# Olympics picture pixelation



## Hobbit (Sep 2, 2005)

I'm seeing significant picture pixelation, over saturation of bright colors (oranges, reds), sound drop outs, and video freezes when I'm watching the Olympics on NBC. I'm also seeing white outlining around the edges of objects, which looks very odd.

The problems are especially bad when they're showing snow events at night. I don't see the problems on any other programs I'm recording from other channels.

Is this a problem with NBC's signal, DirecTV's transmission, or my DTivo hard drive starting to go bad?

The drop outs and freezes point to the hard disk, but all the pixelation, color saturation, and outlining point to NBC or DirecTV signal problems.

Is anyone else seeing similar problems? Any guesses as to what's wrong?


----------



## Rax (Jun 11, 2002)

It was NBC last night. The OTA signal strength on the HD set was 95% and still chunked out. I blame the network.


----------



## EricG (Jan 31, 2002)

The SD feed is really chunky. The Half Pipe looked Horrible. I haven't checked the HD.


----------



## Hobbit (Sep 2, 2005)

Yea, the half pipe looks especially horrible. I agree.

I'm both happy and sad that others are seeing the same problems. Happy that it's not my DTivo failing; sad that NBC is screwing up so badly and making the Olympics so hard to watch for everyone.


----------



## DZB (Feb 13, 2006)

I am running 6.2. I am getting the slow-mo pixelating during local broadcast tv only. I am watching the Olympics, on my local NBC, the Luge and the half pipe almost un-watchable. Earlier today and Saturday on CNBC and USA networks the Olympic coverage all looked good no slo-mo.

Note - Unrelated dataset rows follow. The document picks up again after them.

(* If $n>2$ is even, then there exists more than one $\{1,\dots,n-1\}$-canonical element of $\mathrm{SU}(n)$.
   Context: For $\mathrm{SU}(n)$: $E_i$ is the $n\times n$ diagonal matrix with $(i,i)$ entry $\sqrt{-1}$, others $0$; $\mathfrak t=\{\sum a_iE_i:a_i\in\mathbb R,\sum a_i=0\}$; $H_i=\frac{n-i}{n}(E_1+\dots+E_i)-\frac{i}{n}(E_{i+1}+\dots+E_n)$, $i=1,\dots,n-1$. $\mathfrak I(\mathrm{SU}(n))=\{\sum a_iE_i\in\mathfrak t: a_i\in\mathbb Z\}$. $\mathfrak I'(\mathrm{SU}(n))$ is the set of elements of $\mathfrak I(\mathrm{SU}(n))$ of the form $\sum n_iH_i$ with all $n_i\ge0$. Partial order: $\sum n_iH_i\preceq\sum n_i'H_i$ iff $n_i'\le n_i$ for all $i$. For $I\subseteq\{1,\dots,n-1\}$, $\mathfrak C_I=\{\sum n_iH_i:n_i\ge0,\ n_j>0\iff j\in I\}$; an $I$-canonical element is a maximal element of $(\mathfrak I'(\mathrm{SU}(n))\cap\mathfrak C_I,\preceq)$. *)

theory Defs
  imports Complex_Main
begin

text \<open>Elements of the Cartan subalgebra t of SU(n) are represented by their
real coordinates with respect to E_1,...,E_n: a function a :: nat => real with
a k = 0 for k outside {1..n}; the element is sum_k a k E_k.\<close>

definition su_t :: "nat \<Rightarrow> (nat \<Rightarrow> real) set" where
  "su_t n = {a. (\<forall>k. k \<notin> {1..n} \<longrightarrow> a k = 0) \<and> (\<Sum>k=1..n. a k) = 0}"

definition su_H :: "nat \<Rightarrow> nat \<Rightarrow> (nat \<Rightarrow> real)" where
  "su_H n i = (\<lambda>k. if 1 \<le> k \<and> k \<le> i then (real n - real i) / real n
                  else if i < k \<and> k \<le> n then - real i / real n else 0)"

definition su_comb :: "nat \<Rightarrow> (nat \<Rightarrow> real) \<Rightarrow> (nat \<Rightarrow> real)" where
  "su_comb n c = (\<lambda>k. \<Sum>i=1..n-1. c i * su_H n i k)"

definition su_lattice :: "nat \<Rightarrow> (nat \<Rightarrow> real) set" where
  "su_lattice n = {a \<in> su_t n. \<forall>k. a k \<in> \<int>}"

definition su_lattice' :: "nat \<Rightarrow> (nat \<Rightarrow> real) set" where
  "su_lattice' n = {a \<in> su_lattice n.
      \<exists>c. (\<forall>i\<in>{1..n-1}. c i \<ge> 0) \<and> a = su_comb n c}"

definition su_preceq :: "nat \<Rightarrow> (nat \<Rightarrow> real) \<Rightarrow> (nat \<Rightarrow> real) \<Rightarrow> bool" where
  "su_preceq n x y \<longleftrightarrow> (\<exists>c c'. x = su_comb n c \<and> y = su_comb n c' \<and>
      (\<forall>i\<in>{1..n-1}. c' i \<le> c i))"

definition su_cone :: "nat \<Rightarrow> nat set \<Rightarrow> (nat \<Rightarrow> real) set" where
  "su_cone n I = {x. \<exists>c. (\<forall>i\<in>{1..n-1}. c i \<ge> 0 \<and> (c i > 0 \<longleftrightarrow> i \<in> I)) \<and> x = su_comb n c}"

definition su_canonical :: "nat \<Rightarrow> nat set \<Rightarrow> (nat \<Rightarrow> real) \<Rightarrow> bool" where
  "su_canonical n I x \<longleftrightarrow> x \<in> su_lattice' n \<inter> su_cone n I \<and>
     (\<forall>y \<in> su_lattice' n \<inter> su_cone n I. su_preceq n x y \<longrightarrow> y = x)"

end

theory Submission
  imports Defs
begin

text \<open>Writing x = sum c_i H_i, the coefficients are the consecutive differences
c_k = x_k - x_(k+1), and the last coordinate is x_n = -(sum i c_i)/n. Hence x is a lattice
point of the open cone over {1..n-1} iff all c_i are integers \<ge> 1 and n divides
sum i c_i, and the canonical elements are the coordinatewise minimal such c.
For n = 2m the sum of 1, ..., n-1 is m(2m-1), which is -m modulo 2m; so raising the
coefficient of H_m by 1 and raising the coefficient of H_1 by m both restore divisibility,
and in each case no smaller raise of the same coefficient does.\<close>

lemma su_H_diff_Suc:
  assumes "1 \<le> i" "i \<le> n - 1" "1 \<le> k" "k \<le> n - 1"
  shows "su_H n i k - su_H n i (Suc k) = (if i = k then 1 else 0)"
  using assms unfolding su_H_def by (auto simp: field_simps)

lemma su_comb_diff_Suc:
  assumes "1 \<le> k" "k \<le> n - 1"
  shows "su_comb n c k - su_comb n c (Suc k) = c k"
proof -
  have "su_comb n c k - su_comb n c (Suc k) = (\<Sum>i=1..n-1. c i * (su_H n i k - su_H n i (Suc k)))"
    unfolding su_comb_def by (simp add: sum_subtractf right_diff_distrib)
  also have "\<dots> = (\<Sum>i=1..n-1. if i = k then c i else 0)"
    by (rule sum.cong) (use assms su_H_diff_Suc in auto)
  also have "\<dots> = c k"
    using assms by simp
  finally show ?thesis .
qed

lemma su_comb_coeff_eq:
  assumes "su_comb n c = su_comb n d" "i \<in> {1..n-1}"
  shows "c i = d i"
  using su_comb_diff_Suc[of i n c] su_comb_diff_Suc[of i n d] assms by auto

lemma su_comb_cong: "\<forall>i\<in>{1..n-1}. c i = d i \<Longrightarrow> su_comb n c = su_comb n d"
  unfolding su_comb_def by (intro ext sum.cong) auto

lemma su_comb_last: "su_comb n c n = - (\<Sum>i=1..n-1. c i * real i) / real n"
proof -
  have "su_comb n c n = (\<Sum>i=1..n-1. c i * (- real i / real n))"
    unfolding su_comb_def by (rule sum.cong) (auto simp: su_H_def)
  then show ?thesis
    by (simp add: sum_divide_distrib sum_negf)
qed

lemma su_comb_outside:
  assumes "k \<notin> {1..n}"
  shows "su_comb n c k = 0"
proof -
  have "k = 0 \<or> k > n"
    using assms by auto
  then show ?thesis
    unfolding su_comb_def su_H_def by (intro sum.neutral) auto
qed

lemma sum_su_H:
  assumes "1 \<le> i" "i \<le> n - 1"
  shows "(\<Sum>k=1..n. su_H n i k) = 0"
proof -
  have split: "{1..n} = {1..i} \<union> {i<..n}" "{1..i} \<inter> {i<..n} = {}"
    using assms by auto
  have "(\<Sum>k=1..n. su_H n i k) = sum (su_H n i) {1..i} + sum (su_H n i) {i<..n}"
    unfolding split(1) by (rule sum.union_disjoint) (use split(2) in auto)
  also have "\<dots> = (\<Sum>k\<in>{1..i}. (real n - real i) / real n) + (\<Sum>k\<in>{i<..n}. - real i / real n)"
    by (intro arg_cong2[where f = "(+)"] sum.cong) (auto simp: su_H_def)
  also have "\<dots> = real i * (real n - real i) / real n + (real n - real i) * (- real i / real n)"
    using assms by (simp add: of_nat_diff)
  also have "\<dots> = 0"
    by (simp add: field_simps)
  finally show ?thesis .
qed

lemma sum_su_comb: "(\<Sum>k=1..n. su_comb n c k) = 0"
proof -
  have "(\<Sum>k=1..n. su_comb n c k) = (\<Sum>i=1..n-1. c i * (\<Sum>k=1..n. su_H n i k))"
    unfolding su_comb_def by (subst sum.swap) (simp add: sum_distrib_left)
  also have "\<dots> = 0"
  proof (intro sum.neutral ballI)
    fix i assume "i \<in> {1..n-1}"
    then show "c i * (\<Sum>k=1..n. su_H n i k) = 0"
      using sum_su_H[of i n] by simp
  qed
  finally show ?thesis .
qed

lemma su_comb_eq_last_plus_tail:
  assumes "1 \<le> k" "k \<le> n"
  shows "su_comb n c k = su_comb n c n + (\<Sum>i\<in>{k..<n}. c i)"
  using assms
proof (induction "n - k" arbitrary: k)
  case 0
  then show ?case by simp
next
  case (Suc d)
  then have "k < n" by simp
  have "su_comb n c (Suc k) = su_comb n c n + (\<Sum>i\<in>{Suc k..<n}. c i)"
    using Suc by simp
  moreover have "su_comb n c k - su_comb n c (Suc k) = c k"
    using Suc \<open>k < n\<close> by (intro su_comb_diff_Suc) auto
  moreover have "(\<Sum>i\<in>{k..<n}. c i) = c k + (\<Sum>i\<in>{Suc k..<n}. c i)"
    using \<open>k < n\<close> by (simp add: sum.atLeast_Suc_lessThan)
  ultimately show ?case by linarith
qed

lemma su_comb_in_lattice:
  assumes "\<forall>i\<in>{1..n-1}. c i \<in> \<int>" "su_comb n c n \<in> \<int>"
  shows "su_comb n c \<in> su_lattice n"
proof -
  have "su_comb n c k \<in> \<int>" for k
  proof (cases "k \<in> {1..n}")
    case True
    have "(\<Sum>i\<in>{k..<n}. c i) \<in> \<int>"
      by (rule Ints_sum) (use assms True in auto)
    then show ?thesis
      using su_comb_eq_last_plus_tail[of k n c] True assms by auto
  qed (simp add: su_comb_outside)
  then show ?thesis
    using su_comb_outside sum_su_comb unfolding su_lattice_def su_t_def by auto
qed

lemma su_canonical_if_minimal:
  assumes e: "\<forall>i\<in>{1..n-1}. e i \<in> \<int> \<and> e i \<ge> 1" and e_last: "su_comb n e n \<in> \<int>"
    and minimal: "\<And>c. \<forall>i\<in>{1..n-1}. c i \<in> \<int> \<and> 1 \<le> c i \<and> c i \<le> e i
        \<Longrightarrow> su_comb n c n \<in> \<int> \<Longrightarrow> \<forall>i\<in>{1..n-1}. c i = e i"
  shows "su_canonical n {1..n-1} (su_comb n e)"
proof -
  have "su_comb n e \<in> su_lattice n"
    using su_comb_in_lattice e e_last by auto
  moreover have "\<forall>i\<in>{1..n-1}. 0 \<le> e i"
    using e by force
  ultimately have e_lattice: "su_comb n e \<in> su_lattice' n"
    unfolding su_lattice'_def by blast
  have "\<forall>i\<in>{1..n-1}. 0 \<le> e i \<and> (0 < e i \<longleftrightarrow> i \<in> {1..n-1})"
    using e by force
  then have e_cone: "su_comb n e \<in> su_cone n {1..n-1}"
    unfolding su_cone_def by blast
  have "y = su_comb n e"
    if "y \<in> su_lattice' n" "y \<in> su_cone n {1..n-1}" "su_preceq n (su_comb n e) y" for y
  proof -
    from \<open>y \<in> su_cone n {1..n-1}\<close> obtain c where c_pos: "\<forall>i\<in>{1..n-1}. c i > 0"
      and y: "y = su_comb n c" unfolding su_cone_def by auto
    have y_int: "\<forall>k. y k \<in> \<int>"
      using \<open>y \<in> su_lattice' n\<close> unfolding su_lattice'_def su_lattice_def by blast
    from \<open>su_preceq n (su_comb n e) y\<close> obtain d d' where
      "su_comb n e = su_comb n d" "y = su_comb n d'" "\<forall>i\<in>{1..n-1}. d' i \<le> d i"
      unfolding su_preceq_def by blast
    then have c_le_e: "c i \<le> e i" if "i \<in> {1..n-1}" for i
      using su_comb_coeff_eq[of n e d i] su_comb_coeff_eq[of n c d' i] y that by auto
    have c_int: "c i \<in> \<int>" if "i \<in> {1..n-1}" for i
      using su_comb_diff_Suc[of i n c] y y_int that by (metis Ints_diff atLeastAtMost_iff)
    have "c i \<ge> 1" if "i \<in> {1..n-1}" for i
    proof -
      have "c i > 0"
        using c_pos that by blast
      then show ?thesis
        using Ints_nonzero_abs_ge1[OF c_int[OF that]] by simp
    qed
    moreover have "su_comb n c n \<in> \<int>"
      using y_int y by simp
    ultimately have "\<forall>i\<in>{1..n-1}. c i = e i"
      using minimal c_int c_le_e by blast
    then show ?thesis
      using y su_comb_cong by blast
  qed
  then show ?thesis
    unfolding su_canonical_def using e_lattice e_cone by blast
qed

definition bump_coeffs :: "nat \<Rightarrow> nat \<Rightarrow> nat \<Rightarrow> real" where
  "bump_coeffs p t i = (if i = p then 1 + real t else 1)"

lemma real_div_in_Ints_iff_dvd:
  assumes "n > 0"
  shows "real N / real n \<in> \<int> \<longleftrightarrow> n dvd N"
proof
  assume "real N / real n \<in> \<int>"
  then obtain z where "real N / real n = of_int z"
    by (elim Ints_cases)
  then have "real_of_int (int N) = real_of_int (int n * z)"
    using assms by (simp add: field_simps)
  then have "int n dvd int N"
    by (simp only: of_int_eq_iff) simp
  then show "n dvd N"
    by simp
next
  assume "n dvd N"
  then show "real N / real n \<in> \<int>"
    using assms by (auto elim: dvdE)
qed

lemma su_comb_bump_last_in_Ints_iff:
  assumes "p \<in> {1..n-1}"
  shows "su_comb n (bump_coeffs p t) n \<in> \<int> \<longleftrightarrow> n dvd (\<Sum>{1..n-1} + t * p)"
proof -
  have "n > 0"
    using assms by auto
  have "(\<Sum>i=1..n-1. bump_coeffs p t i * real i)
        = (\<Sum>i=1..n-1. real i + (if i = p then real t * real p else 0))"
    by (rule sum.cong) (auto simp: bump_coeffs_def algebra_simps)
  also have "\<dots> = real (\<Sum>{1..n-1} + t * p)"
    using assms by (simp add: sum.distrib)
  finally have last: "su_comb n (bump_coeffs p t) n = - (real (\<Sum>{1..n-1} + t * p) / real n)"
    by (simp add: su_comb_last minus_divide_left)
  from \<open>n > 0\<close> show ?thesis
    by (simp only: last minus_in_Ints_iff real_div_in_Ints_iff_dvd)
qed

lemma su_canonical_bump:
  assumes p: "p \<in> {1..n-1}"
    and dvd_iff: "\<And>s. s \<le> t \<Longrightarrow> n dvd (\<Sum>{1..n-1} + s * p) \<longleftrightarrow> s = t"
  shows "su_canonical n {1..n-1} (su_comb n (bump_coeffs p t))"
proof (rule su_canonical_if_minimal)
  show "\<forall>i\<in>{1..n-1}. bump_coeffs p t i \<in> \<int> \<and> bump_coeffs p t i \<ge> 1"
    unfolding bump_coeffs_def by auto
  show "su_comb n (bump_coeffs p t) n \<in> \<int>"
    using su_comb_bump_last_in_Ints_iff[OF p] dvd_iff by simp
next
  fix c assume c: "\<forall>i\<in>{1..n-1}. c i \<in> \<int> \<and> 1 \<le> c i \<and> c i \<le> bump_coeffs p t i"
    and c_last: "su_comb n c n \<in> \<int>"
  have "c p - 1 \<in> \<nat>"
    using c p by (auto simp: Nats_altdef2)
  then obtain s where s: "c p = 1 + real s"
    by (metis Nats_cases add.commute diff_add_cancel)
  have "c p \<le> bump_coeffs p t p"
    using c p by blast
  with s have "s \<le> t"
    by (simp add: bump_coeffs_def)
  have "\<forall>i\<in>{1..n-1}. c i = bump_coeffs p s i"
    using c s by (force simp: bump_coeffs_def)
  then have "su_comb n c = su_comb n (bump_coeffs p s)"
    by (rule su_comb_cong)
  then have "s = t"
    using c_last su_comb_bump_last_in_Ints_iff[OF p] dvd_iff[OF \<open>s \<le> t\<close>] by auto
  then show "\<forall>i\<in>{1..n-1}. c i = bump_coeffs p t i"
    using \<open>\<forall>i\<in>{1..n-1}. c i = bump_coeffs p s i\<close> by simp
qed

lemma sum_below_even:
  fixes m :: nat
  assumes "n = 2 * m" "m \<ge> 1"
  shows "\<Sum>{1..n-1} = 2 * m * (m - 1) + m"
proof -
  have "\<Sum>{1..n-1} = m * (2 * m - 1)"
    using gauss_sum_from_Suc_0[of "2 * m - 1", where 'a = nat] assms by simp
  also have "\<dots> = 2 * m * (m - 1) + m"
    using assms by (cases m) (auto simp: algebra_simps)
  finally show ?thesis .
qed

lemma even_dvd_sum_below_plus_middle:
  fixes m s :: nat
  assumes "n = 2 * m" "m \<ge> 1" "s \<le> 1"
  shows "n dvd \<Sum>{1..n-1} + s * m \<longleftrightarrow> s = 1"
proof -
  have "\<Sum>{1..n-1} + s * m = 2 * m * (m - 1) + m * (s + 1)"
    using sum_below_even[OF assms(1,2)] by (simp add: algebra_simps)
  then show ?thesis
    using assms by (cases s) (auto simp: dvd_add_right_iff)
qed

lemma even_dvd_sum_below_plus_first:
  fixes m s :: nat
  assumes "n = 2 * m" "m \<ge> 1" "s \<le> m"
  shows "n dvd \<Sum>{1..n-1} + s * 1 \<longleftrightarrow> s = m"
proof -
  have "2 * m dvd m + s \<longleftrightarrow> s = m"
  proof
    assume "2 * m dvd m + s"
    then obtain q where q: "m + s = 2 * m * q" ..
    moreover have "0 < m + s" "m + s \<le> 2 * m"
      using assms by auto
    ultimately have "q = 1"
      by (cases q) auto
    then show "s = m"
      using q by simp
  qed (simp add: mult_2)
  then show ?thesis
    using sum_below_even[OF assms(1,2)] assms(1) by (simp add: add.assoc dvd_add_right_iff)
qed

theorem mainTheorem12:
  fixes n :: nat
  assumes "n > 2" and "even n"
  shows "\<exists>x y. su_canonical n {1..n-1} x \<and> su_canonical n {1..n-1} y \<and> x \<noteq> y"
proof -
  obtain m where n: "n = 2 * m" and "m \<ge> 2"
    using assms by (auto elim: evenE)
  have "m \<in> {1..n-1}" "1 \<in> {1..n-1}"
    using n \<open>m \<ge> 2\<close> by auto
  have middle: "su_canonical n {1..n-1} (su_comb n (bump_coeffs m 1))"
    by (rule su_canonical_bump)
      (use \<open>m \<in> {1..n-1}\<close> even_dvd_sum_below_plus_middle[OF n] \<open>m \<ge> 2\<close> in auto)
  have first: "su_canonical n {1..n-1} (su_comb n (bump_coeffs 1 m))"
    by (rule su_canonical_bump)
      (use \<open>1 \<in> {1..n-1}\<close> even_dvd_sum_below_plus_first[OF n] \<open>m \<ge> 2\<close> in auto)
  have "bump_coeffs m 1 1 \<noteq> bump_coeffs 1 m 1"
    using \<open>m \<ge> 2\<close> by (simp add: bump_coeffs_def)
  then have "su_comb n (bump_coeffs m 1) \<noteq> su_comb n (bump_coeffs 1 m)"
    using su_comb_coeff_eq \<open>1 \<in> {1..n-1}\<close> by blast
  then show ?thesis
    using middle first by blast
qed

end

Same events same venues. I think what is going on is that Direct Tv has reduced bandwidth for local channels. That's it. Lets get rid of a few shopping and other unwanted channels and put the local bandwidth back to where it should be. We are paying to have the local channels and I want it fixed!!!!!


----------



## jaydro (Oct 19, 2003)

I've noticed more local channel problems the past couple of weeks--seems like a show doesn't go by that doesn't have a few pixelation bursts. No problems with non-locals.

But the Olympics--yeah, I agree, but then a friend e-mailed me to say he was having the same problems with it on Dish _and OTA_!


----------



## Hoosier_1701 (Apr 29, 2003)

I've also been seeing all the same problems you described. I wondered if my dish had gotten out of alignment, because I thought I'd seen some issues on other channels too, but now I'm not sure about that.

I checked my transponder signal strengths, and a few of them are low. I don't know which one my local channels are on though, so I have no idea if that is related. I haven't been watching much on USA or CNBC, so I haven't noticed any problems there.

I glad I'm not alone though.


----------



## murgatroyd (Jan 6, 2002)

Hobbit said:


> I'm seeing significant picture pixelation, over saturation of bright colors (oranges, reds), sound drop outs, and video freezes when I'm watching the Olympics on NBC.


No pixelation here, thank goodness, but the oversaturation of the ski jumpers' bright orange suits was pretty spectacular on my SA TiVo.  So the problems aren't confined to your DirecTiVos.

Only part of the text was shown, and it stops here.